lemma greedy_decoding_correct:
  fixes S :: "('v, 'c) cstruct"
  assumes wf: "wf_struct S" and fin: "finite (chains S)" and d2: "2 \<le> depth S"
    and ts: "test_support S K k inp lab" and k: "1 \<le> k"
  shows "(\<exists>out. gen S inp out) \<and> \<not> infinite_run S inp \<and> (\<forall>out. gen S inp out \<longrightarrow> dec out = dec lab)"
proof -
  obtain vs q css P' q0 css0 rest where ch: "is_chain S vs" and lv: "length vs = depth S"
    and lc: "length css = length vs" and lc0: "length css0 = length vs"
    and prev: "P' @ [Dlm] = processed S vs q0 css0 @ rest"
    and inp: "inp = P' @ Dlm # take (3 + length (hd css) + 4) (processed S vs q css)"
    and lab: "lab = drop (3 + length (hd css) + 4) (processed S vs q css)"
    by (rule test_support_split[OF ts k])
  define vals where "vals = chain_vals S vs q"
  have len: "2 \<le> length vs" using lv d2 by simp
  have dist: "distinct vs" using longest_chain_distinct[OF ch fin lv] .
  interpret follows_label S vs vals P'
  proof
    show "next_vtx (vs ! (i - 1)) (P' @ [Dlm]) = Some (Vtx (vs ! i))"
      if "1 \<le> i" "i < length vs" for i
      unfolding prev by (rule next_vtx_processed[OF dist lc0 that])
  qed (use wf len dist ch in \<open>simp_all add: vals_def chain_vals_nth_Suc\<close>)
  define H :: "('v, 'c) tok list" where "H = [Eq, Qu] @ map Ctx (css ! 0)"
  note first = processed_first_block[OF lc len, of S q, folded vals_def H_def]
  have st: "on_track 1 H [] 0 (take (3 + length (hd css) + 4) (processed S vs q css))"
    unfolding on_track_def first H_def using len by (auto simp: dec_map_Ctx_append)
  have "dec (take (3 + length (hd css) + 4) (processed S vs q css) @ out) = (vs ! 0, vals ! 0) # dec out"
    for out unfolding first H_def by (simp add: dec_append_Cm dec_map_Ctx_append)
  moreover have "pairs (length vs) = (vs ! 0, vals ! 0) # map (\<lambda>j. (vs ! j, vals ! j)) [1..<length vs]"
    using len by (subst upt_conv_Cons) auto
  ultimately show ?thesis
    using greedy_decoding_follows_label[OF st] first(2) unfolding inp lab by auto
qed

----------------------------------------

> _Task brief_: What you return must match, line for line, the data from the line containing "using greedy_decoding_follows_label[OF st]" to its end, both ends included.

> _Completed task_:
    using greedy_decoding_follows_label[OF st] first(2) unfolding inp lab by auto
qed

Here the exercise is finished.